Aber warum führt „reduktive Theologie“ zur Schrumpfung der Kirchen? Garth erklärt: „Dieser fundamentalistische Rationalismus macht aus der großen Geschichte Gottes mit der Menschheit ein armseliges Trauerspiel der Auflösung des Glaubens in lauter harmlose Existenzialismen und Moralismen. Das ist nicht nur eng, das ist langweilig.“ (S. 90) Er ist zudem „ein Commitment-Killer erster Güte. Eine Kirche mit einer beschädigten Christologie vermag nicht das Commitment zu generieren, das für einen missionarischen Aufbruch des Glaubens notwendig ist.“ (S. 147) Warum trotz dieser klaren Fakten ein Teil der freikirchlichen Evangelikalen ernsthaft mit der Theologie der großen Kirchen flirtet, wird mir wohl immer ein Rätsel bleiben.

Was sich ändern muss: Die Bibel hochhalten und eine gesunde Christologie entwickeln

Trotz der harten Diagnose ist Garth keineswegs ein Pessimist in Bezug auf die Zukunft der Kirche, im Gegenteil: Er ist überzeugt, dass der christliche Glaube seine beste Zeit noch vor sich hat. Aber was muss denn nun aus seiner Sicht nun geschehen, damit Kirche Zukunft hat? Sie muss zunächst einen anderen Umgang mit der Bibel finden: „Die Kirche der Zukunft wird auf jeden Fall die Bibel als einzigartiges Dokument der Offenbarung Gottes hochhalten.“ (S. 92) Denn: „Das Christentum ist wesensmäßig eine Offenbarungsreligion.“ (S. 97)

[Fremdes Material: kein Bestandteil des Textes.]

lemma card_subsets_with_source_and_sink:
  assumes T: "tournament V A"
  shows "card {S. S \<subseteq> V \<and> card S = Suc (Suc k) \<and> (\<exists>s. is_source S A s) \<and> (\<exists>t. is_source S A\<inverse>\<inverse> t)}
           = (\<Sum>p\<in>arcs V A. card (between V A p) choose k)"
proof -
  have fin: "finite V" using tournament_finite[OF T] .
  let ?F = "\<lambda>(u, w). {S. S \<subseteq> V \<and> card S = Suc (Suc k) \<and> is_source S A u \<and> is_source S A\<inverse>\<inverse> w}"
  have "{S. S \<subseteq> V \<and> card S = Suc (Suc k) \<and> (\<exists>s. is_source S A s) \<and> (\<exists>t. is_source S A\<inverse>\<inverse> t)}
          = (\<Union>p\<in>arcs V A. ?F p)" (is "?L = _")
  proof (intro set_eqI iffI)
    fix S assume "S \<in> ?L"
    then obtain s t where "S \<subseteq> V" "card S = Suc (Suc k)" "is_source S A s" "is_source S A\<inverse>\<inverse> t"
      by blast
    then show "S \<in> (\<Union>p\<in>arcs V A. ?F p)"
      using source_sink_arc[OF T] by (intro UN_I[of "(s, t)"]) auto
  qed auto
  moreover have "card (\<Union>p\<in>arcs V A. ?F p) = (\<Sum>p\<in>arcs V A. card (?F p))"
  proof (rule card_UN_disjoint)
    show "finite (arcs V A)"
      using fin by (simp add: finite_arcs)
    show "\<forall>p\<in>arcs V A. finite (?F p)"
      using fin by (auto intro: finite_subset[of _ "Pow V"])
    show "\<forall>p\<in>arcs V A. \<forall>q\<in>arcs V A. p \<noteq> q \<longrightarrow> ?F p \<inter> ?F q = {}"
      using source_unique[OF T] source_unique[OF tournament_conversep[OF T]] by fastforce
  qed
  ultimately show ?thesis
    using card_subsets_with_source_and_sink_at[OF T] by (simp add: case_prod_beta)
qed

theorem s5_inclusion_exclusion:
  assumes T: "tournament V A"
  shows "s5 V A + (\<Sum>v\<in>V. outdeg V A v choose 4) + (\<Sum>v\<in>V. outdeg V A\<inverse>\<inverse> v choose 4)
           = (card V choose 5) + (\<Sum>p\<in>arcs V A. card (between V A p) choose 3)"
proof -
  have fin: "finite V" using tournament_finite[OF T] .
  let ?P = "{S. S \<subseteq> V \<and> card S = 5}"
  let ?Src = "{S. S \<subseteq> V \<and> card S = 5 \<and> (\<exists>s. is_source S A s)}"
  let ?Snk = "{S. S \<subseteq> V \<and> card S = 5 \<and> (\<exists>t. is_source S A\<inverse>\<inverse> t)}"
  have finP: "finite ?P" using fin by (simp add: finite_Collect_subsets)
  have "{S. S \<subseteq> V \<and> card S = 5 \<and> strong_on S A} = ?P - (?Src \<union> ?Snk)"
    using strong_on_iff_no_source_no_sink[OF tournament_subset[OF T]] by auto
  moreover have U: "?Src \<union> ?Snk \<subseteq> ?P" by blast
  ultimately have "s5 V A + card (?Src \<union> ?Snk) = card ?P"
    unfolding s5_def using card_Diff_subset[OF finite_subset[OF U finP] U] card_mono[OF finP U]
    by simp
  moreover have "finite ?Src" "finite ?Snk" by (rule rev_finite_subset[OF finP]; blast)+
  then have "card (?Src \<union> ?Snk) + card (?Src \<inter> ?Snk) = card ?Src + card ?Snk"
    by (rule card_Un_Int[symmetric])
  moreover have "card ?Src = (\<Sum>v\<in>V. outdeg V A v choose 4)"
    using card_subsets_with_source[OF T, of 4] by simp
  moreover have "card ?Snk = (\<Sum>v\<in>V. outdeg V A\<inverse>\<inverse> v choose 4)"
    using card_subsets_with_source[OF tournament_conversep[OF T], of 4] by simp
  moreover have "?Src \<inter> ?Snk = {S. S \<subseteq> V \<and> card S = Suc (Suc 3)
                                     \<and> (\<exists>s. is_source S A s) \<and> (\<exists>t. is_source S A\<inverse>\<inverse> t)}"
    by auto
  ultimately show ?thesis
    using card_subsets_with_source_and_sink[OF T, of 3] n_subsets[OF fin, of 5] by simp
qed

section \<open>Regular tournaments\<close>

lemma between_eq_out_set: "between V A (u, w) = out_set (out_set V A u) A\<inverse>\<inverse> w"
  unfolding between_def out_set_def by auto

lemma card_between_add_outdeg:
  assumes T: "tournament V A" and uw: "(u, w) \<in> arcs V A"
  shows "card (between V A (u, w)) + outdeg (out_set V A u) A w + 1 = outdeg V A u"
proof -
  have "tournament (out_set V A u) A" "w \<in> out_set V A u"
    using tournament_subset[OF T] uw by (auto simp: arcs_def out_set_def)
  from outdeg_add_indeg[OF this]
  show ?thesis
    unfolding between_eq_out_set outdeg_def by simp
qed

lemma sum_card_between:
  assumes T: "tournament V A"
  shows "(\<Sum>p\<in>arcs V A. card (between V A p)) = (\<Sum>u\<in>V. outdeg V A u choose 2)"
proof -
  have fin: "finite V" using tournament_finite[OF T] .
  have "arcs V A = Sigma V (out_set V A)"
    unfolding arcs_def out_set_def by auto
  moreover have "(\<Sum>u\<in>V. \<Sum>w\<in>out_set V A u. card (between V A (u, w)))
               = (\<Sum>p\<in>Sigma V (out_set V A). card (between V A p))"
  proof -
    have "\<forall>u\<in>V. finite (out_set V A u)" using fin by (simp add: out_set_def)
    from sum.Sigma[OF fin this, of "\<lambda>u w. card (between V A (u, w))"]
    show ?thesis by (simp add: case_prod_eta)
  qed
  ultimately have "(\<Sum>p\<in>arcs V A. card (between V A p))
               = (\<Sum>u\<in>V. \<Sum>w\<in>out_set V A u. card (between V A (u, w)))"
    by simp
  also have "\<dots> = (\<Sum>u\<in>V. outdeg V A u choose 2)"
  proof (rule sum.cong[OF refl])
    fix u assume "u \<in> V"
    have "tournament (out_set V A u) A\<inverse>\<inverse>"
      using tournament_conversep[OF tournament_subset[OF T]] by (auto simp: out_set_def)
    from sum_outdeg[OF this]
    show "(\<Sum>w\<in>out_set V A u. card (between V A (u, w))) = outdeg V A u choose 2"
      unfolding between_eq_out_set outdeg_def .
  qed
  finally show ?thesis .
qed

lemma regular_tournament_tournament: "regular_tournament V A \<Longrightarrow> tournament V A"
  by (simp add: regular_tournament_def)

lemma regular_tournament_outdeg:
  "regular_tournament V A \<Longrightarrow> card V = 2 * d + 1 \<Longrightarrow> v \<in> V \<Longrightarrow> outdeg V A v = d"
  unfolding regular_tournament_def regular_on_def by simp

lemma regular_tournament_indeg:
  assumes "regular_tournament V A" "card V = 2 * d + 1" "v \<in> V"
  shows "outdeg V A\<inverse>\<inverse> v = d"
  using outdeg_add_indeg[of V A v] regular_tournament_outdeg[OF assms] assms
  unfolding regular_tournament_def by simp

Garths Ausführungen zum Thema Bibelverständnis bleiben allerdings ein wenig vage. Wichtiger scheint ihm zu sein, dass die Kirche wieder eine solide Christologie (Lehre von Christus) entwickelt. Denn im Moment ist seine Wahrnehmung: „In der evangelischen Kirche ist überhaupt nicht mehr klar, wer Jesus Christus ist.“ (S. 152) Wenn aber „der Christus der Verkündigung nicht mehr der Christus der Bibel und der kirchlichen Bekenntnisse ist (vom Apostolischen Glaubensbekenntnis bis zum Bekenntnis von Barmen), dann sind die Folgen leere Kirchen, frustrierte Prediger, gelangweilte Menschen, keine Bekehrungen. Dann wird das ganze Christentum müde und farblos. Der Grund? Gottes Geist macht sich rar. … Der Heilige Geist sagt: »Nicht mein Jesus! Da bleib ich zu Hause.«“ (S. 118/119) Deshalb ist Garth überzeugt: „Die Neuformatierung von einer Volkskirche zu einer missionarischen Kirche benötigt eine gesunde, biblische, und gemäß den altkirchlichen und reformatorischen Bekenntnissen geformte Christologie.“ (S. 26)

Die Jungfrauengeburt ist entscheidend

Eine gesunde Christologie macht Garth ganz besonders auch an der Jungfrauengeburt fest: „Dass Jesus wahrer Mensch und wahrer Gott ist, findet seinen unüberbietbaren Ausdruck in der Jungfrauengeburt. Nur ein paar Theologen des Westens, welche eine unglaublich arrogante Skepsis zur norma normans, zum normierenden Prinzip gemacht haben und in ihrer Gefolgschaft einige von Zweifeln beseelte Abendländler, meinen, dass der Glaube unbeschadet bleibt ohne »Jungfrau.«“ (S. 96) Hier muss die Kirche also zwingend zurück zu ihren Bekenntnisgrundlagen, denn: „Ohne eine von reduktiver Überfremdung gereinigte Christologie gibt es keinen Aufbruch des Glaubens.“ (S. 157) Punkt. Auch seine vielen internationalen Erfahrungen bestärken Garth in dieser Sichtweise: „Ich war öfters in Afrika, Indien und in anderen Teilen der Welt und habe dort studiert, wie Gemeinden sich entwickeln, welche missionarischen Konzept sie vertreten und was ihre Theologie ausmacht. Ich habe von verschiedenen Pastoren und Gemeindegründern mehrfach einen Satz gehört: »Wenn du willst, dass deine Gemeinde stirbt und dass dein Dienst ohne Frucht bleibt, dann übernimm die Theologie Europas!«“ (S. 160) Umso wichtiger ist es Garth, dass das Christentum in Deutschland endlich von den weltweit wachsenden Kirchen lernt.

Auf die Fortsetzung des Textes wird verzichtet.